Perf: WB without RB on fastpath

Sat Jan 13 09:51:00 UTC 2018

The single flag change opens up an interesting opportunity for us: we can check for the GC state to
be zero, and that means no barriers are required whatsoever. So, instead of doing:

     testb $0x4, 0x3d8(TLS)
     jnz EVAC-IN-PROGRESS
     mov %r, -0x8(%r)
DONE:
     ...
(later)
EVAC-IN-PROGRESS:
     <test against cset>
     <jump to slowpath>

...we can do:

     cmpb $0x0, 0x3d8(TLS)
     jne NON-STABLE-HEAP
DONE:
     ...
(later)
NON-STABLE HEAP:
     test $0x4, 0x3d8(TLS)
     jz DONE
     <test against cset>
     <jump to slowpath>

So the fastpath is the same, we just test against different value. Slowpath gets a bit slower.

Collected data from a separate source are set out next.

text \<open>An interior minimum of f on [M, x] would be a critical point, hence a maximum point.\<close>
lemma deriv_neg_right_of_max:
  fixes f f' f'' :: "real \<Rightarrow> real"
  assumes f': "\<And>x. (f has_real_derivative f' x) (at x)"
    and f'': "\<And>x. (f' has_real_derivative f'' x) (at x)"
    and max: "\<And>x. f x \<le> f M" and crit: "\<And>x. f' x = 0 \<Longrightarrow> f x = f M"
    and "f'' M < 0" and "x > M"
  shows "f' x < 0 \<and> f x < f M"
proof -
  have "f' M = 0" using DERIV_local_max[OF f' zero_less_one] max by blast
  then obtain d where d: "d > 0" "\<And>h. 0 < h \<Longrightarrow> h < d \<Longrightarrow> f' (M + h) < 0"
    using DERIV_neg_dec_right[OF f'' \<open>f'' M < 0\<close>] by auto
  have near: "f' p < 0 \<and> f p < f M" if p: "M < p" "p < M + d" for p
  proof
    show "f' p < 0" using d(2)[of "p - M"] p by simp
    obtain z where "M < z" "z < p" "f p - f M = (p - M) * f' z"
      using MVT2[of M p f f'] f' p by auto
    moreover have "f' z < 0" using d(2)[of "z - M"] calculation p by simp
    ultimately show "f p < f M" using p mult_pos_neg[of "p - M" "f' z"] by simp
  qed
  have cont: "continuous_on S f" "continuous_on S f'" for S
    using f' f'' by (meson DERIV_isCont continuous_at_imp_continuous_on)+
  have below: "f y < f M" if "y > M" for y
  proof (rule ccontr)
    assume "\<not> f y < f M"
    then have fy: "f y = f M" using max[of y] by simp
    obtain p where p: "M < p" "p < M + d" "p < y"
      using dense[of M "min (M + d) y"] d(1) \<open>y > M\<close> by auto
    obtain z where z: "z \<in> {M..y}" "\<And>t. t \<in> {M..y} \<Longrightarrow> f z \<le> f t"
      using continuous_attains_inf[OF compact_Icc _ cont(1), of M y] \<open>y > M\<close> by auto
    have "f z \<le> f p" using z(2)[of p] p by simp
    also have "\<dots> < f M" using near p by blast
    finally have fz: "f z < f M" .
    then have "M < z" "z < y" using z(1) fy by (auto simp: order_le_less)
    then have "f' z = 0"
      using z(2) by (intro DERIV_local_min[OF f', where d="min (z - M) (y - z)"]) (auto simp: abs_if)
    then show False using crit fz by simp
  qed
  have "f' x < 0"
  proof (rule ccontr)
    assume "\<not> f' x < 0"
    obtain p where p: "M < p" "p < M + d" "p < x"
      using dense[of M "min (M + d) x"] d(1) \<open>x > M\<close> by auto
    then obtain z where "p \<le> z" "f' z = 0"
      using IVT'[of f' p 0 x] near[of p] \<open>\<not> f' x < 0\<close> cont(2) by fastforce
    then show False using crit below[of z] p by simp
  qed
  then show ?thesis using below \<open>x > M\<close> by blast
qed

lemma vanishes_if_abs_deriv_le:
  fixes \<psi> \<psi>' :: "real \<Rightarrow> real"
  assumes \<psi>': "\<And>x. (\<psi> has_real_derivative \<psi>' x) (at x)"
    and bound: "\<And>x. \<bar>\<psi>' x\<bar> \<le> K * \<psi> x" and "\<And>x. \<psi> x \<ge> 0" and "\<psi> a = 0"
  shows "\<psi> x = 0"
proof (cases "a \<le> x")
  case True
  have "\<psi> x * exp (- K * x) \<le> \<psi> a * exp (- K * a)"
  proof (rule DERIV_nonpos_imp_nonincreasing[OF True])
    fix t
    have "\<psi>' t * exp (- K * t) \<le> K * \<psi> t * exp (- K * t)"
      using bound[of t] by (intro mult_right_mono) auto
    then show "\<exists>y. ((\<lambda>x. \<psi> x * exp (- K * x)) has_real_derivative y) (at t) \<and> y \<le> 0"
      by (auto intro!: derivative_eq_intros \<psi>' simp: algebra_simps)
  qed
  then show ?thesis using assms(3)[of x] assms(4) by (simp add: mult_le_0_iff)
next
  case False
  have "\<psi> x * exp (K * x) \<le> \<psi> a * exp (K * a)"
  proof (rule DERIV_nonneg_imp_nondecreasing[of x a])
    show "x \<le> a" using False by simp
  next
    fix t
    have "- (K * \<psi> t) * exp (K * t) \<le> \<psi>' t * exp (K * t)"
      using bound[of t] by (intro mult_right_mono) auto
    then show "\<exists>y. ((\<lambda>x. \<psi> x * exp (K * x)) has_real_derivative y) (at t) \<and> y \<ge> 0"
      by (auto intro!: derivative_eq_intros \<psi>' simp: algebra_simps)
  qed
  then show ?thesis using assms(3)[of x] assms(4) by (simp add: mult_le_0_iff)
qed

The
performance improvement can be estimated with passive, -XX:+ShWB and -XX:(+|-)ShWriteBarrierRB.
Overnight runs translate to:

Compiler.compiler: +1.0%
Compiler.sunflow:  +1.2%
Compress:          +2.6%
CryptoSignVerify:  +0.3%
MpegAudio:         +1.9%
ScimarkLU.large:   +4.8%
ScimarkLU.small:   +9.5%
XmlTransform:      +1.6%
XmlValidation:     +2.5%

...and no regressions!

Roman mentions separately that Traversal GC does not require RB at all on fastpath, which seems to
be the special case of this generic optimization.

Thanks,
-Aleksey